512×512 PNG · square
Design assets often have to ship at a single canonical size — an icon set, a profile picture, a thumbnail — because platforms or frameworks will reject anything off-spec. Slack Workspace Icon produces 512×512 PNG, the size the icon size expects.
| Output dimensions | 512×512 pixels |
|---|---|
| Aspect ratio | 1:1 (square) |
| Output format | PNG |
| Processing | 100% in your browser — no upload |
| Cost | Free, unlimited |
| Source | Official guidelines |
Audience: every workspace member, on desktop, web, and mobile.
How Slack workspace identity ranks images: client-side render — no platform algorithm. Posting at the platform's exact native dimensions (512×512 px) preserves your original framing and avoids the softening that happens when the platform's own resampler runs to fit its expected size.
Platform-specific note: Slack renders workspace icons in the workspace switcher (large), the message header (medium), and notifications (small); a single canonical 512×512 source covers all three.
This preset is a deterministic recipe — every step has fixed parameters so the result is byte-identical across runs of the same input.
Slack Workspace Icon crops your input to 1:1 and resizes it to 512×512 px as PNG — a 262-kilopixel output. The work runs through canvas APIs and a WebAssembly image-encoder; the source image is decoded into an off-screen canvas, transformed in place, and re-encoded without any network upload.
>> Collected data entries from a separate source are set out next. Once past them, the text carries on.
lemma gamma_of_pos:
  assumes "1 \<le> p" "p \<le> int n"
  shows "gamma_of n A p = (sorted_list_of_set C_pos @ sorted_list_of_set A) ! nat (p - 1)"
proof -
  define P where "P = sorted_list_of_set (uminus ` A) @ sorted_list_of_set (uminus ` C_pos)"
  have "gamma_list n A = P @ (sorted_list_of_set C_pos @ sorted_list_of_set A)"
    unfolding gamma_list_def C_def[symmetric] sorted_list_of_C P_def by simp
  moreover have "pos_index n p = length P + nat (p - 1)"
    using assms card_A_le finite_A finite_C_pos card_C_pos
    by (simp add: pos_index_def P_def card_image)
  ultimately show ?thesis
    using assms unfolding gamma_of_def by (simp add: pm_iff nth_append_length_plus)
qed

lemma gamma_of_C_pos:
  assumes "1 \<le> p" "p \<le> int n - int (card A)"
  shows "gamma_of n A p = sorted_list_of_set C_pos ! nat (p - 1)"
  using gamma_of_pos[of p] assms card_A_le card_C_pos by (simp add: nth_append)

lemma gamma_of_A:
  assumes "int n - int (card A) < p" "p \<le> int n"
  shows "gamma_of n A p = sorted_list_of_set A ! nat (p - 1 - (int n - int (card A)))"
proof -
  have "1 \<le> p"
    using assms card_A_le by linarith
  have "nat (p - 1) = length (sorted_list_of_set C_pos) + nat (p - 1 - (int n - int (card A)))"
    using assms card_A_le card_C_pos by simp
  then show ?thesis
    unfolding gamma_of_pos[OF \<open>1 \<le> p\<close> assms(2)] by (simp only: nth_append_length_plus)
qed
text \<open>The inequality for a single arc: combine the partition count with the two bounds above,
  using (1 - \<alpha>)|X| \<ge> (1 - \<alpha>)^2 |T| for \<alpha> \<le> 1.\<close>
lemma arc_inequality:
  assumes uv: "(u, v) \<in> E" and alpha_le: "\<alpha> \<le> 1"
  shows "real (card V) > real r + real (indeg E v) + real (qq E u v)
                         + (1 - \<alpha>) * real r + (1 - \<alpha>)^2 * real (tt E u v)"
proof -
  obtain X where X: "X \<subseteq> far u v" "\<forall>z\<in>X. out_nbrs E z \<subseteq> out_nbrs E v \<union> far u v"
    and big: "(1 - \<alpha>) * real (tt E u v) \<le> real (card X)"
    using closed_far_set_exists[OF uv] by blast
  have "(1 - \<alpha>)^2 * real (tt E u v) \<le> (1 - \<alpha>) * real (card X)"
    using mult_left_mono[OF big] alpha_le by (simp add: power2_eq_square mult.assoc)
  then show ?thesis
    using far_lower_bound[OF uv X] card_V_partition[OF uv] by linarith
qed

end

theorem mainTheorem2:
  fixes \<alpha> :: real and n :: nat and V :: "'a set" and E :: "('a \<times> 'a) set"
  assumes alpha: "0 < \<alpha>" "\<alpha> < 1"
    and npos: "0 < n"
    and IH: "\<And>m (W :: nat set) F. 1 \<le> m \<Longrightarrow> m < n \<Longrightarrow> digraph W F \<Longrightarrow> card W = m \<Longrightarrow>
              (\<forall>w\<in>W. real (outdeg F w) \<ge> \<alpha> * real m) \<Longrightarrow> has_short_cycle W F 4"
    and G: "digraph V E" "card V = n"
    and reg: "\<forall>v\<in>V. outdeg E v = nat \<lceil>\<alpha> * real n\<rceil>"
    and nocyc: "\<not> has_short_cycle V E 4"
  shows "\<forall>(u, v) \<in> E.
           real n > real (nat \<lceil>\<alpha> * real n\<rceil>) + real (indeg E v) + real (qq E u v)
                    + (1 - \<alpha>) * real (nat \<lceil>\<alpha> * real n\<rceil>)
                    + (1 - \<alpha>)^2 * real (tt E u v)"
proof -
  interpret c4_free_digraph V E using G(1) nocyc by unfold_locales
  have "0 < nat \<lceil>\<alpha> * real n\<rceil>" using alpha npos by simp
  moreover have "sparse_proper \<alpha> V E"
  proof (rule sparse_proper_from_smaller_digraphs)
    fix m and W :: "nat set" and F
    assume "1 \<le> m" "m < card V" "digraph W F" "card W = m"
      "\<forall>w\<in>W. \<alpha> * real m \<le> real (outdeg F w)"
    then show "has_short_cycle W F 4" using IH[of m W F] G(2) by simp
  qed
  ultimately interpret regular_c4_free_digraph V E \<alpha> "nat \<lceil>\<alpha> * real n\<rceil>"
    using reg by unfold_locales (auto simp: outdeg_def)
  show ?thesis
  proof (intro ballI, clarify)
    fix u v assume "(u, v) \<in> E"
    from arc_inequality[OF this less_imp_le[OF alpha(2)]]
    show "real n > real (nat \<lceil>\<alpha> * real n\<rceil>) + real (indeg E v) + real (qq E u v)
                    + (1 - \<alpha>) * real (nat \<lceil>\<alpha> * real n\<rceil>)
                    + (1 - \<alpha>)^2 * real (tt E u v)"
      unfolding G(2) .
  qed
qed

end
lemma mono_on_closed_if_tendsto_endpoints:
  fixes h :: "real \<Rightarrow> 'a::linorder_topology"
  assumes "a < b" and mono: "mono_on {a<..<b} h"
    and lim_a: "(h \<longlongrightarrow> h a) (at a within {a<..<b})"
    and lim_b: "(h \<longlongrightarrow> h b) (at b within {a<..<b})"
  shows "mono_on {a..b} h"
proof -
  have nontriv: "\<not> trivial_limit (at a within {a<..<b})" "\<not> trivial_limit (at b within {a<..<b})"
    using \<open>a < b\<close> by (simp_all add: trivial_limit_within islimpt_greaterThanLessThan1 islimpt_greaterThanLessThan2)
  have lower: "h a \<le> h x" if x: "x \<in> {a<..<b}" for x
  proof (rule tendsto_upperbound[OF lim_a _ nontriv(1)])
    show "eventually (\<lambda>y. h y \<le> h x) (at a within {a<..<b})"
      unfolding eventually_at
      by (intro exI[of _ "x - a"]) (use x in \<open>auto simp: dist_real_def intro!: mono_onD[OF mono]\<close>)
  qed
  have upper: "h x \<le> h b" if x: "x \<in> {a<..<b}" for x
  proof (rule tendsto_lowerbound[OF lim_b _ nontriv(2)])
    show "eventually (\<lambda>y. h x \<le> h y) (at b within {a<..<b})"
      unfolding eventually_at
      by (intro exI[of _ "b - x"]) (use x in \<open>auto simp: dist_real_def intro!: mono_onD[OF mono]\<close>)
  qed
  have "h a \<le> h b"
    using lower[of "(a + b) / 2"] upper[of "(a + b) / 2"] \<open>a < b\<close> by simp
  show ?thesis
  proof (rule mono_onI)
    fix u v assume "u \<in> {a..b}" "v \<in> {a..b}" "u \<le> v"
    then consider "u = v" | "u = a" "v = b" | "u = a" "v \<in> {a<..<b}" | "u \<in> {a<..<b}" "v = b"
      | "u \<in> {a<..<b}" "v \<in> {a<..<b}"
      by fastforce
    then show "h u \<le> h v"
      by cases (use \<open>h a \<le> h b\<close> lower upper mono_onD[OF mono] \<open>u \<le> v\<close> in auto)
  qed
qed

definition regular_score :: "(real \<Rightarrow> ereal) \<Rightarrow> bool" where
  "regular_score A \<longleftrightarrow>
     (\<forall>x\<in>{0..1}. A x \<noteq> \<infinity>) \<and> (\<forall>x\<in>{0<..<1}. \<bar>A x\<bar> \<noteq> \<infinity>) \<and>
     continuous (at 0 within {0..1}) A \<and> continuous (at 1 within {0..1}) A"

lemma sr_diff_interior:
  assumes "regular_score A" "regular_score B" "x \<in> {0<..<1}"
  shows "sr_diff A B x = ereal (real_of_ereal (A x) - real_of_ereal (B x))"
proof -
  have "\<bar>A x\<bar> \<noteq> \<infinity>" "\<bar>B x\<bar> \<noteq> \<infinity>" using assms unfolding regular_score_def by auto
  then show ?thesis by (cases "A x"; cases "B x") (auto simp: sr_diff_def)
qed

lemma sr_diff_endpoint_eq_limit:
  assumes A: "regular_score A" and B: "regular_score B" and c: "c \<in> {0, 1}"
    and L: "(sr_diff A B \<longlongrightarrow> L) (at c within {0<..<1})"
  shows "sr_diff A B c = L"
proof -
  have nontriv: "\<not> trivial_limit (at c within {0<..<1})"
    using c by (auto simp: trivial_limit_within islimpt_greaterThanLessThan1 islimpt_greaterThanLessThan2)
  have "A x - B x = sr_diff A B x" if "x \<in> {0<..<1}" for x
  proof -
    have "\<bar>A x\<bar> \<noteq> \<infinity>" using A that unfolding regular_score_def by auto
    then show ?thesis by (auto simp: sr_diff_def)
  qed
  then have "eventually (\<lambda>x. A x - B x = sr_diff A B x) (at c within {0<..<1})"
    unfolding eventually_at_filter by (intro always_eventually) auto
  then have lim_diff: "((\<lambda>x. A x - B x) \<longlongrightarrow> L) (at c within {0<..<1})"
    using L by (rule tendsto_cong[THEN iffD2])
  show ?thesis
  proof (cases "A c = -\<infinity> \<and> B c = -\<infinity>")
    case True
    then show ?thesis unfolding sr_diff_def using tendsto_Lim[OF nontriv lim_diff] by simp
  next
    case False
    have "(A \<longlongrightarrow> A c) (at c within {0<..<1})" "(B \<longlongrightarrow> B c) (at c within {0<..<1})"
      using A B c unfolding regular_score_def continuous_within
      by (auto elim!: tendsto_within_subset)
    moreover have "A c \<noteq> \<infinity>" "B c \<noteq> \<infinity>" using A B c unfolding regular_score_def by auto
    ultimately have "((\<lambda>x. A x + - B x) \<longlongrightarrow> A c + - B c) (at c within {0<..<1})"
      using False by (intro tendsto_add_ereal_general) (auto simp: ereal_uminus_eq_reorder)
    then have "A c - B c = L"
      using tendsto_unique[OF nontriv _ lim_diff] by (simp add: minus_ereal_def)
    then show ?thesis using False unfolding sr_diff_def by auto
  qed
qed
(* Let $(\lambda_1,v)$ be a real eigenpair of the $n\times n$ real matrix $A=[a_{ij}]$, with every component of $v$ nonzero. Let $S=\mathrm{diag}(v)$ and $B=[b_{ij}]=S^{-1}AS$. If $\lambda$ is an eigenvalue of $A$ different from $\lambda_1$, then $$|\lambda|\le\max_{1\le i\le n}\{|a_{ii}|+\hat r_i(B)\}.$$ Moreover: (1) If $n$ is even and $F=[f_{ij}]=[b_{ij}-\beta_j]$, where $\beta_j$ is the $(n/2)$-th largest element among $b_{1j},\dots,b_{j-1,j},b_{j+1,j},\dots,b_{nj}$, then $|\lambda|\le\max_{1\le i\le n}\{|f_{ii}|+\hat r_i(F)\}$. (2) If $n$ is odd with $n\ge 3$, and $F=[f_{ij}]=[b_{ij}+\beta_j]$, $G=[g_{ij}]=[b_{ij}+\gamma_j]$, where $\beta_j$ and $\gamma_j$ are, respectively, the negatives of the $\frac{n-1}{2}$-th and the $\frac{n+1}{2}$-th largest numbers among $b_{1j},\dots,b_{j-1,j},b_{j+1,j},\dots,b_{nj}$, then $$|\lambda|\le\min\Big\{\max_{1\le i\le n}\{|f_{ii}|+\hat r_i(F)\},\ \max_{1\le i\le n}\{|g_{ii}|+\hat r_i(G)\}\Big\}.$$
   Context: For a real $n\times n$ matrix $M=[m_{ij}]$ and index $i$, let $y_1\ge\dots\ge y_n$ be the non-increasing rearrangement of the $i$-th column of $M$ with its diagonal entry replaced by $0$, i.e. of $m_{1i},\dots,m_{i-1,i},0,m_{i+1,i},\dots,m_{ni}$. Define $\hat r_i(M)=\sum_{t=1}^{(n-1)/2}y_t-\sum_{t=(n+3)/2}^{n}y_t$ if $n$ is odd and $\hat r_i(M)=\sum_{t=1}^{n/2}y_t-\sum_{t=n/2+1}^{n}y_t$ if $n$ is even (the radius of the Gershgorin disc of the second type obtained from the $i$-th column of $M$). "The $t$-th largest element" of a list refers to the $t$-th entry of the list sorted in non-increasing order (with repetitions). *)

theory Defs
  imports Complex_Main "Jordan_Normal_Form.Char_Poly"
begin

(* Indices are 0-based: i, j range over {0..<n}. *)

definition col_sorted_desc :: "real mat \<Rightarrow> nat \<Rightarrow> real list" where
  "col_sorted_desc M i =
     rev (sort (map (\<lambda>j. if j = i then 0 else M $$ (j, i)) [0..<dim_row M]))"

definition rhat :: "real mat \<Rightarrow> nat \<Rightarrow> real" where
  "rhat M i = (let n = dim_row M; ys = col_sorted_desc M i in
     if even n then sum_list (take (n div 2) ys) - sum_list (drop (n div 2) ys)
     else sum_list (take ((n - 1) div 2) ys) - sum_list (drop ((n + 1) div 2) ys))"

definition kth_largest :: "nat \<Rightarrow> real list \<Rightarrow> real" where
  "kth_largest k xs = rev (sort xs) ! (k - 1)"

definition offdiag_col :: "real mat \<Rightarrow> nat \<Rightarrow> real list" where
  "offdiag_col M j = map (\<lambda>i. M $$ (i, j)) (filter (\<lambda>i. i \<noteq> j) [0..<dim_row M])"

definition gersh_bound :: "real mat \<Rightarrow> real" where
  "gersh_bound M = Max ((\<lambda>i. \<bar>M $$ (i, i)\<bar> + rhat M i) ` {..<dim_row M})"

end

theory Submission
  imports Defs
begin

text \<open>
  Let \<open>x\<close> be a left eigenvector of \<open>A\<close> for \<open>\<lambda>\<close>. Since \<open>\<lambda> \<noteq> \<lambda>\<^sub>1\<close>, \<open>x\<close> is orthogonal to the
  right eigenvector \<open>v\<close>, so \<open>y = (x\<^sub>j v\<^sub>j)\<^sub>j\<close> is a left eigenvector of \<open>B = S\<^sup>-\<^sup>1 A S\<close> whose
  entries sum to zero. Hence adding an arbitrary constant \<open>c\<^sub>j\<close> to each column \<open>j\<close> of \<open>B\<close>
  keeps \<open>y\<close> a left eigenvector; in particular the column medians may be subtracted.
  Reading the eigen-equation off at an index \<open>i\<close> where \<open>|y\<^sub>i|\<close> is maximal bounds \<open>|\<lambda>|\<close> by
  the diagonal entry plus \<open>\<Sum>\<^sub>j |z\<^sub>j - t|\<close> for any \<open>t\<close>, where \<open>z\<close> is the \<open>i\<close>-th column with
  zero diagonal; for \<open>t\<close> a median of \<open>z\<close> this sum is exactly \<open>r\<^sub>i(M)\<close>.
  The choices of \<open>\<beta>\<^sub>j\<close> and \<open>\<gamma>\<^sub>j\<close> in the theorem are therefore irrelevant for its validity.
\<close>

lemma sum_list_abs_diff_sorted_desc:
  fixes ys :: "real list"
  assumes sorted: "sorted_wrt (\<ge>) ys" and k: "k < length ys"
  shows "sum_list (map (\<lambda>x. \<bar>x - ys ! k\<bar>) ys)
    = sum_list (take k ys) - sum_list (drop k ys) + (real (length ys) - 2 * real k) * ys ! k"
proof -
  let ?t = "ys ! k"
  have above: "x \<ge> ?t" if "x \<in> set (take k ys)" for x
    using that sorted k by (auto simp: in_set_conv_nth dest: sorted_wrt_nth_less)
  have below: "x \<le> ?t" if "x \<in> set (drop k ys)" for x
  proof -
    from that obtain j where "j < length ys - k" "x = ys ! (k + j)"
      using k by (auto simp: in_set_conv_nth)
    then show ?thesis
      using sorted_wrt_nth_less[OF sorted, of k "k + j"] by (cases "j = 0") auto
  qed
  have "sum_list (map (\<lambda>x. \<bar>x - ?t\<bar>) ys) = sum_list (map (\<lambda>x. \<bar>x - ?t\<bar>) (take k ys))
     + sum_list (map (\<lambda>x. \<bar>x - ?t\<bar>) (drop k ys))"
    by (metis append_take_drop_id map_append sum_list_append)
  also have "\<dots> = sum_list (map (\<lambda>x. x - ?t) (take k ys)) + sum_list (map (\<lambda>x. ?t - x) (drop k ys))"
    using above below by (simp cong: map_cong)
  also have "\<dots> = (sum_list (take k ys) - real k * ?t) + (real (length ys - k) * ?t - sum_list (drop k ys))"
    using k by (simp add: sum_list_subtractf sum_list_triv)
  finally show ?thesis
    using k by (simp add: algebra_simps)
qed
text \<open>It is non-squashing if p_1 + ... + p_j \<le> p_(j+1) for 1 \<le> j \<le> k-1
  (0-based: sum of the first j entries \<le> entry j, for 1 \<le> j < k).\<close>

definition nonsquashing_distinct :: "nat \<Rightarrow> nat list \<Rightarrow> bool" where
  "nonsquashing_distinct n ps \<longleftrightarrow>
     (\<forall>p\<in>set ps. 1 \<le> p) \<and> sorted ps \<and> distinct ps \<and> sum_list ps = n \<and>
     (\<forall>j. 1 \<le> j \<and> j < length ps \<longrightarrow> sum_list (take j ps) \<le> ps ! j)"

definition b :: "nat \<Rightarrow> nat" where
  "b n = card {ps. nonsquashing_distinct n ps}"

definition B :: "real fps" where
  "B = Abs_fps (\<lambda>n. real (b n))"

end

theory Submission
  imports Defs
begin

text \<open>
  Removing the largest part \<open>p\<close> of a non-squashing partition of \<open>n \<ge> 1\<close> into distinct parts
  leaves one of \<open>s = n - p\<close>, and the non-squashing condition at the last part says \<open>s \<le> p\<close>,
  i.e. \<open>s \<le> n/2\<close>.  Conversely every such partition of \<open>s \<le> n/2\<close> extends by the part \<open>n - s\<close>,
  except \<open>[n/2]\<close> for even \<open>n\<close>, which would repeat a part.  Hence
  \<open>b(n) = b(0) + \<dots> + b(\<lfloor>n/2\<rfloor>) - [n even]\<close>, which gives the recurrences and, read on
  coefficients, the functional equation.
  The series \<open>D = B - 1 - x/(1-x)\<close> (\<open>B_multipart\<close>) counts the partitions with at least two
  parts, \<open>1 + x/(1-x)\<close> accounting for the empty and the one-part partitions, and satisfies
  \<open>D(x) = x^3/((1-x)(1-x^2)) + D(x^2)/(1-x)\<close>.  Iterating \<open>N\<close> times leaves the remainder
  \<open>D(x^(2^N)) / \<Prod>j<N. (1 - x^(2^j))\<close>, whose coefficients vanish below degree \<open>2^N\<close> because
  \<open>D(0) = 0\<close>; so the partial sums converge to \<open>D\<close> in the \<open>x\<close>-adic topology.
\<close>

unbundle fps_syntax

lemma length_le_sum_list_pos:
  "\<forall>x\<in>set xs. (1::nat) \<le> x \<Longrightarrow> length xs \<le> sum_list xs"
  by (induction xs) auto

lemma sum_list_le_member_imp_singleton:
  assumes "\<forall>x\<in>set xs. (1::nat) \<le> x" "p \<in> set xs" "sum_list xs \<le> p"
  shows "xs = [p]"
proof -
  have "sum_list xs = p + sum_list (remove1 p xs)"
    using assms(2) sum_list_map_remove1[of p xs "\<lambda>x. x"] by simp
  moreover have "length (remove1 p xs) \<le> sum_list (remove1 p xs)"
    using assms(1) by (intro length_le_sum_list_pos) (auto dest: set_remove1_subset[THEN subsetD])
  ultimately have "length (remove1 p xs) = 0"
    using assms(3) by linarith
  then show ?thesis
    using assms(2) by (cases xs) (auto split: if_splits)
qed

lemma prefix_sums_le_snoc_iff:
  fixes xs :: "'a::{monoid_add,order} list"
  shows "(\<forall>j. 1 \<le> j \<and> j < length (xs @ [p]) \<longrightarrow> sum_list (take j (xs @ [p])) \<le> (xs @ [p]) ! j)
     \<longleftrightarrow> (\<forall>j. 1 \<le> j \<and> j < length xs \<longrightarrow> sum_list (take j xs) \<le> xs ! j) \<and>
         (xs \<noteq> [] \<longrightarrow> sum_list xs \<le> p)"
  (is "?L \<longleftrightarrow> ?R")
proof
  assume L: ?L
  have "sum_list (take j xs) \<le> xs ! j" if "1 \<le> j" "j < length xs" for j
    using L[rule_format, of j] that by (simp add: nth_append)
  moreover have "sum_list xs \<le> p" if "xs \<noteq> []"
    using L[rule_format, of "length xs"] that by (simp add: Suc_le_eq)
  ultimately show ?R
    by blast
next
  assume R: ?R
  show ?L
  proof (intro allI impI)
    fix j assume j: "1 \<le> j \<and> j < length (xs @ [p])"
    then consider "j < length xs" | "j = length xs"
      by fastforce
    then show "sum_list (take j (xs @ [p])) \<le> (xs @ [p]) ! j"
      by cases (use R j in \<open>auto simp: nth_append\<close>)
  qed
qed

lemma nonsquashing_distinct_snoc_iff:
  "nonsquashing_distinct n (qs @ [p]) \<longleftrightarrow>
     nonsquashing_distinct (sum_list qs) qs \<and> n = sum_list qs + p \<and> sum_list qs \<le> p \<and>
     1 \<le> p \<and> qs \<noteq> [p]"
  (is "?L \<longleftrightarrow> ?R")
proof
  assume L: ?L
  then have "sum_list qs \<le> p"
    using prefix_sums_le_snoc_iff[of qs p]
    by (cases "qs = []") (auto simp: nonsquashing_distinct_def)
  with L show ?R
    using prefix_sums_le_snoc_iff[of qs p] by (auto simp: nonsquashing_distinct_def sorted_append)
next
  assume R: ?R
  then have "\<forall>x\<in>set qs. x \<le> p"
    using member_le_sum_list order_trans by blast
  moreover have "p \<notin> set qs"
    using R sum_list_le_member_imp_singleton by (auto simp: nonsquashing_distinct_def)
  ultimately show ?L
    using R prefix_sums_le_snoc_iff[of qs p] by (auto simp: nonsquashing_distinct_def sorted_append)
qed

lemma finite_nonsquashing_distinct: "finite {ps. nonsquashing_distinct n ps}"
proof (rule finite_subset)
  show "{ps. nonsquashing_distinct n ps} \<subseteq> {xs. set xs \<subseteq> {0..n} \<and> length xs \<le> n}"
    using length_le_sum_list_pos member_le_sum_list by (fastforce simp: nonsquashing_distinct_def)
  show "finite {xs. set xs \<subseteq> {0..n} \<and> length xs \<le> n}"
    by (rule finite_lists_length_le) simp
qed

lemma b_0: "b 0 = 1"
proof -
  have "{ps. nonsquashing_distinct 0 ps} = {[]}"
  proof safe
    fix ps assume "nonsquashing_distinct 0 ps"
    then show "ps = []"
      by (cases ps) (auto simp: nonsquashing_distinct_def)
  qed (simp add: nonsquashing_distinct_def)
  then show ?thesis
    by (simp add: b_def)
qed

lemma nonsquashing_distinct_remove_last_part:
  assumes "n \<ge> 1"
  shows "{ps. nonsquashing_distinct n ps} =
    (\<lambda>qs. qs @ [n - sum_list qs]) `
      ((\<Union>s\<le>n div 2. {qs. nonsquashing_distinct s qs}) - (if even n then {[n div 2]} else {}))"
    (is "?P = ?f ` (?A - ?bad)")
proof (intro equalityI subsetI)
  fix ps assume "ps \<in> ?P"
  then have ps: "nonsquashing_distinct n ps"
    by simp
  with assms have "ps \<noteq> []"
    by (auto simp: nonsquashing_distinct_def)
  then obtain qs p where qs_p: "ps = qs @ [p]"
    by (metis append_butlast_last_id)
  then have qs: "nonsquashing_distinct (sum_list qs) qs" "n = sum_list qs + p" "sum_list qs \<le> p"
    "qs \<noteq> [p]"
    using ps nonsquashing_distinct_snoc_iff by simp_all
  then have "sum_list qs \<le> n div 2"
    by presburger
  then have "qs \<in> ?A"
    using qs(1) by blast
  moreover have "qs \<notin> ?bad"
  proof
    assume "qs \<in> ?bad"
    then have "even n" and qs_half: "qs = [n div 2]"
      by (auto split: if_splits)
    have "n = n div 2 + p"
      using qs(2) qs_half by simp
    with \<open>even n\<close> have "p = n div 2"
      by (elim evenE) simp
    then show False
      using qs(4) qs_half by simp
  qed
  moreover have "ps = ?f qs"
    using qs qs_p by simp
  ultimately show "ps \<in> ?f ` (?A - ?bad)"
    by blast
next
  fix ps assume "ps \<in> ?f ` (?A - ?bad)"
  then obtain qs s where ps: "ps = ?f qs" and s: "s \<le> n div 2" "nonsquashing_distinct s qs"
    and good: "qs \<notin> ?bad"
    by auto
  have sum_qs: "sum_list qs = s"
    using s by (simp add: nonsquashing_distinct_def)
  moreover have "qs \<noteq> [n - s]"
  proof
    assume qs_single: "qs = [n - s]"
    then have "n = 2 * s"
      using sum_qs s(1) by simp
    then show False
      using good qs_single by simp
  qed
  ultimately show "ps \<in> ?P"
    using ps s assms nonsquashing_distinct_snoc_iff[of n qs "n - s"] by auto
qed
Design deliverables to clients often require an exact pixel-size; this preset's deterministic output makes the deliverable repeatable. The browser-side path also means the file never leaves your device — relevant when the input contains personally identifiable information, screenshots of private documents, ID scans, or proprietary product photography.
512×512 px, saved as PNG.
The design this preset targets uses 1:1 framing. For passport photos this matches the printed-photo standard; for social posts it's the safe ratio that fills the feed without horizontal cropping.
PNG preserves hard edges and transparency that JPEG would smear. Icons, logos, and screenshots compress better as PNG when the image isn't photographic.
No. This preset runs entirely in your browser using WebAssembly + canvas APIs — no server round-trip. You can verify this in your browser's network panel: only static asset requests, no image upload. The file never leaves your device.